lemma G_off_diag:
  assumes "s \<in> P44_frame" "t \<in> P44_frame" "s \<noteq> t"
  shows "G s t = 0"
proof -
  define R :: "((nat \<times> nat) \<times> (nat \<times> nat)) set"
    where "R = {((0,2), (1,0)), ((0,2), (3,1)), ((1,3), (2,0)), ((1,3), (3,2))}"
  have rectangle: "G a b = 0" if "(a, b) \<in> R \<or> (b, a) \<in> R" for a b
    using that G_rectangles gram_commute[of r "coeffs C" a b] by (auto simp: R_def)
  obtain i j k l where st: "s = (i, j)" "t = (k, l)"
    by fastforce
  (* A cross inner product is minus the one of the opposite corners (G_cross); these vanish
     because one corner carries a zero vector, or they form one of the G_rectangles. *)
  have frame: "\<forall>s\<in>P44_frame. \<forall>t\<in>P44_frame. fst s < 4 \<and> snd s < 4 \<and>
      (fst s \<noteq> fst t \<longrightarrow> snd s \<noteq> snd t \<longrightarrow> (s, t) \<in> R \<or> (t, s) \<in> R \<or>
        \<not> ({fst s, fst t} = {0, 1} \<and> {snd s, snd t} = {2, 3}) \<and>
        (P44_slot (fst s, snd t) = None \<or> P44_slot (fst t, snd s) = None \<or>
         ((fst s, snd t), (fst t, snd s)) \<in> R \<or> ((fst t, snd s), (fst s, snd t)) \<in> R))"
    by (simp add: P44_frame_def P44_slot_def R_def doubleton_eq_iff)
  then have bounds: "i < 4" "j < 4" "k < 4" "l < 4"
    using assms st by auto
  have "i \<noteq> k \<Longrightarrow> j \<noteq> l \<Longrightarrow> (s, t) \<in> R \<or> (t, s) \<in> R \<or>
      \<not> ({i, k} = {0, 1} \<and> {j, l} = {2, 3}) \<and>
      (P44_slot (i, l) = None \<or> P44_slot (k, j) = None \<or>
       ((i, l), (k, j)) \<in> R \<or> ((k, j), (i, l)) \<in> R)"
    using frame[rule_format, OF assms(1,2)] unfolding st by simp
  then consider "i = k" | "j = l" | "(s, t) \<in> R \<or> (t, s) \<in> R"
    | "i \<noteq> k" "j \<noteq> l" "\<not> ({i, k} = {0, 1} \<and> {j, l} = {2, 3})"
      "P44_slot (i, l) = None \<or> P44_slot (k, j) = None \<or>
       ((i, l), (k, j)) \<in> R \<or> ((k, j), (i, l)) \<in> R"
    by blast
  then show ?thesis
  proof cases
    case 4
    then have "G s t = - G (i, l) (k, j)"
      using bounds unfolding st by (intro G_cross)
    also have "G (i, l) (k, j) = 0"
      using 4 bounds G_eq_0_if_no_slot[of i l] G_eq_0_if_no_slot[of k j]
        gram_commute[of r "coeffs C" "(i, l)"] rectangle by auto
    finally show ?thesis
      by simp
  qed (use assms st bounds G_same_row G_same_col rectangle in auto)
qed

lemma G_frame_orthonormal:
  "\<forall>s\<in>P44_frame. \<forall>t\<in>P44_frame. G s t = (if s = t then 1 else 0)"
proof -
  have "\<forall>(i, j)\<in>P44_frame. i < 4 \<and> j < 4 \<and> P44_slot (i, j) \<noteq> None"
    by (simp add: P44_frame_def P44_slot_def)
  then show ?thesis
    using G_off_diag G_diag by fastforce
qed

lemma length_ge_10: "10 \<le> r"
proof -
  have "card P44_frame \<le> r"
    using G_frame_orthonormal by (intro card_le_if_orthonormal) (auto simp: P44_frame_def)
  then show ?thesis
    by (simp add: P44_frame_def)
qed

end

lemma sos_with_P44_ge_10:
  assumes "sos_with 4 4 P44 r"
  shows "10 \<le> r"
proof -
  obtain C where "\<forall>x y. P44 x y = (\<Sum>p<r. (bilin 4 4 (C p) x y)^2)"
    using assms sos_with_iff_coeffs by blast
  then interpret P44_sos r C
    by unfold_locales blast
  show ?thesis
    by (rule length_ge_10)
qed

theorem corollary3p2:
  fixes P :: "(nat \<Rightarrow> real) \<Rightarrow> (nat \<Rightarrow> real) \<Rightarrow> real"
  assumes "P = (\<lambda>x y. (x 0)^2 * (y 0)^2 + (x 0)^2 * (y 1)^2 + (x 1)^2 * (y 0)^2
      + (x 1)^2 * (y 2)^2 + (x 2)^2 * (y 0)^2 + (x 2)^2 * (y 3)^2 + (x 3)^2 * (y 1)^2
      + (x 3)^2 * (y 2)^2 + (x 3)^2 * (y 3)^2 + (x 0 * y 2 + x 1 * y 3)^2)"
  shows "biquadratic_form 4 4 P \<and> is_sos 4 4 P \<and> sos_rank 4 4 P = 10 \<and> BSR 4 4 \<ge> 10"
proof -
  have P: "P = P44"
    unfolding assms by (simp add: fun_eq_iff P44_def)
  have sos10: "sos_with 4 4 P44 10"
    unfolding sos_with_iff_coeffs using P44_eq_sum_squares by blast
  have biq: "biquadratic_form 4 4 P44"
    using sos10 by (rule biquadratic_form_if_sos_with)
  have sos: "is_sos 4 4 P44"
    using sos10 unfolding is_sos_def by blast
  have rank: "sos_rank 4 4 P44 = 10"
    unfolding sos_rank_def using sos10 sos_with_P44_ge_10 by (rule Least_equality)
  show ?thesis
    unfolding P using biq sos rank sos_rank_le_BSR[OF biq sos] by simp
qed

end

• EXERCISE AIM
What is the number of lines in the listing that hold the word "simp"? Say only that number.

• WRITTEN ANSWER
9